Paulus denkt eschatologisch, das heißt mit dem Blick auf das Letzte, nicht nur auf das Vorletzte (Bonhoeffer). In seinem großen Auferstehungskapitel (vgl. 1. Korinther 15) zitiert er sich selbst, wenn er die Zeugen der Auferstehung nennt: „…dass er gesehen worden ist von Kephas, danach von den Zwölfen. Danach ist er gesehen worden von mehr als 500 Brüdern auf einmal, von denen die meisten noch heute leben, einige aber sind entschlafen. Danach ist er gesehen worden von Jakobus, danach von allen Aposteln. Zuletzt von allen ist er auch von mir als einer unzeitigen Geburt gesehen worden (vgl. Vers 5 ff.).

Das bezieht sich nicht auf seine Berufung vor Damaskus (vgl. Apostelgeschichte 9). Es heißt dort: Er und seine Gefährten sahen nichts (Verse 7-8). „Sie hörten zwar die Stimme, aber sahen niemanden.“

Wer erfahren will, wie Paulus in der Sehnsucht nach der himmlischen Heimat lebt, der lese in Ruhe 2. Korinther 5. Ausdrücklich und klar sagt er dort: „…wir wandeln im Glauben und nicht im Schauen (Vers 7). „Nach dem Fleisch kennen wir ihn (den historischen Jesus – Anmerkung von mir) jetzt so nicht mehr.“ (Vers 16b) Das ist ein großes Problem für den Apostel gewesen! Er hat ihn nie wie Petrus und anderen Jünger kennengelernt.

Jetzt kehren wir wieder zu unserer klassischen Stelle „von Angesicht zu Angesicht“ zurück (vgl. 1. Korinther 13). Die Worte árti = jetzt und tóte = dann sind ihm immens wichtig; er wiederholt sie zweimal! „Jetzt erkenne ich stückweise, dann aber werde ich erkennen, wie ich erkannt bin“ (vgl. Vers 12). Wie Paulus sein erkannt sein versteht, erfahren im ersten Vers des Römerbriefs: „Paulus, ein Knecht Jesu Christi, berufen zum Apostel, ausgesondert zu predigen das Evangelium Gottes.“

Wen will er in der EWIGKEIT (dann) erkennen?

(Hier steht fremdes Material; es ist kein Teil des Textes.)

lemma sum_covered_marginals_le:
  fixes r :: "'e \<Rightarrow> real"
  assumes "finite S" "finite (covered C S)" and r: "\<And>e. 0 \<le> r e"
  shows "(\<Sum>j\<in>S. (\<Sum>e\<in>covered C S. r e) - (\<Sum>e\<in>covered C (S - {j}). r e))
         \<le> (\<Sum>e\<in>covered C S. r e)"
proof -
  define D where "D j = covered C S - covered C (S - {j})" for j
  have "(\<Sum>e\<in>covered C S. r e) - (\<Sum>e\<in>covered C (S - {j}). r e) = (\<Sum>e\<in>D j. r e)" for j
    unfolding D_def using assms(2) by (intro sum_diff[symmetric]) (auto simp: covered_def)
  then have "(\<Sum>j\<in>S. (\<Sum>e\<in>covered C S. r e) - (\<Sum>e\<in>covered C (S - {j}). r e))
      = (\<Sum>j\<in>S. \<Sum>e\<in>D j. r e)"
    by simp
  also have "\<dots> = (\<Sum>e\<in>(\<Union>j\<in>S. D j). r e)"
    using assms(1,2) by (intro sum.UNION_disjoint[symmetric]) (auto simp: D_def covered_def)
  also have "\<dots> \<le> (\<Sum>e\<in>covered C S. r e)"
    using assms(2) r by (intro sum_mono2) (auto simp: D_def)
  finally show ?thesis .
qed

lemma is_set_packing_subset:
  assumes "is_set_packing V E C P" "Q \<subseteq> P" "finite P"
  shows "is_set_packing V E C Q"
proof -
  have "card (C i \<inter> Q) \<le> card (C i \<inter> P)" for i
    using assms(2,3) by (intro card_mono) auto
  then show ?thesis
    using assms(1,2) unfolding is_set_packing_def by (meson order_trans subset_trans)
qed

lemma n_star_le_card_cover:
  assumes "finite V" "is_set_cover V E C S"
  shows "n_star V E C \<le> card S"
proof -
  have "finite {S. is_set_cover V E C S}"
    by (rule finite_subset[of _ "Pow V"]) (auto simp: is_set_cover_def assms(1))
  then show ?thesis
    unfolding n_star_def using assms(2) by (intro Min_le) auto
qed

lemma exists_packing_card_m_star:
  assumes "finite E"
  obtains Q where "is_set_packing V E C Q" "card Q = m_star V E C"
proof -
  have "finite {Q. is_set_packing V E C Q}"
    by (rule finite_subset[of _ "Pow E"]) (auto simp: is_set_packing_def assms)
  moreover have "is_set_packing V E C {}"
    by (simp add: is_set_packing_def)
  ultimately have "m_star V E C \<in> card ` {Q. is_set_packing V E C Q}"
    unfolding m_star_def by (intro Max_in) auto
  then show ?thesis
    using that by auto
qed

locale nash_equilibrium =
  fixes V :: "'v set" and E :: "'e set" and C :: "'v \<Rightarrow> 'e set" and b1 b2 :: nat
    and \<sigma>1 :: "'v set pmf" and \<sigma>2 :: "'e set pmf"
  assumes model: "detection_model V E C"
    and b1_pos: "0 < b1" and b2_pos: "0 < b2"
    and nash: "nash_eq V E C b1 b2 \<sigma>1 \<sigma>2"
begin

lemma finite_V: "finite V" and finite_E: "finite E"
  and monitor_subset: "i \<in> V \<Longrightarrow> C i \<subseteq> E" and monitored: "e \<in> E \<Longrightarrow> \<exists>i\<in>V. e \<in> C i"
  using model by (auto simp: detection_model_def)

lemma finite_A1: "finite (A1 V b1)"
  by (rule finite_subset[of _ "Pow V"]) (auto simp: A1_def finite_V)

lemma finite_A2: "finite (A2 E b2)"
  by (rule finite_subset[of _ "Pow E"]) (auto simp: A2_def finite_E)

lemma A1D: "S \<in> A1 V b1 \<Longrightarrow> S \<subseteq> V \<and> finite S \<and> card S \<le> b1"
  using finite_V by (auto simp: A1_def intro: finite_subset)

lemma A2D: "T \<in> A2 E b2 \<Longrightarrow> T \<subseteq> E \<and> finite T \<and> card T \<le> b2"
  using finite_E by (auto simp: A2_def intro: finite_subset)

lemma covered_subset_E: "S \<subseteq> V \<Longrightarrow> covered C S \<subseteq> E"
  using monitor_subset by (auto simp: covered_def)

lemma finite_covered: "S \<subseteq> V \<Longrightarrow> finite (covered C S)"
  using covered_subset_E finite_E finite_subset by blast

lemma support_\<sigma>1: "set_pmf \<sigma>1 \<subseteq> A1 V b1" and support_\<sigma>2: "set_pmf \<sigma>2 \<subseteq> A2 E b2"
  using nash by (auto simp: nash_eq_def mixed_def)

definition attack_prob :: "'e \<Rightarrow> real" where
  "attack_prob e = (\<Sum>T\<in>A2 E b2. pmf \<sigma>2 T * (if e \<in> T then 1 else 0))"

definition detect_prob :: "'e \<Rightarrow> real" where
  "detect_prob e = (\<Sum>S\<in>A1 V b1. pmf \<sigma>1 S * (if e \<in> covered C S then 1 else 0))"

definition defender_payoff :: "'v set \<Rightarrow> real" where
  "defender_payoff S = (\<Sum>e\<in>covered C S. attack_prob e)"

definition attacker_payoff :: "'e set \<Rightarrow> real" where
  "attacker_payoff T = (\<Sum>e\<in>T. 1 - detect_prob e)"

Kýrios Jesóus Christós (Philipper 2,11). Und das Angesicht Gottes, das den Blicken der Menschen verborgen ist, das seinen Knechten in der Vollendung zuteilwerden wird (Offenbarung 22,4). Das heißt nach allem: unser Glauben und stückweises Schauen und Reden ist jetzt nur unvollkommen. In der zukünftigen Vollendung wird es erst vollkommenes Schauen und wirkliche Erkenntnis geben.

Da liegen der Apostel, der große Künstler Michelangelo (vgl. sein Gebet, zu Beginn dieses Beitrags) und wir im Glauben nahe beieinander.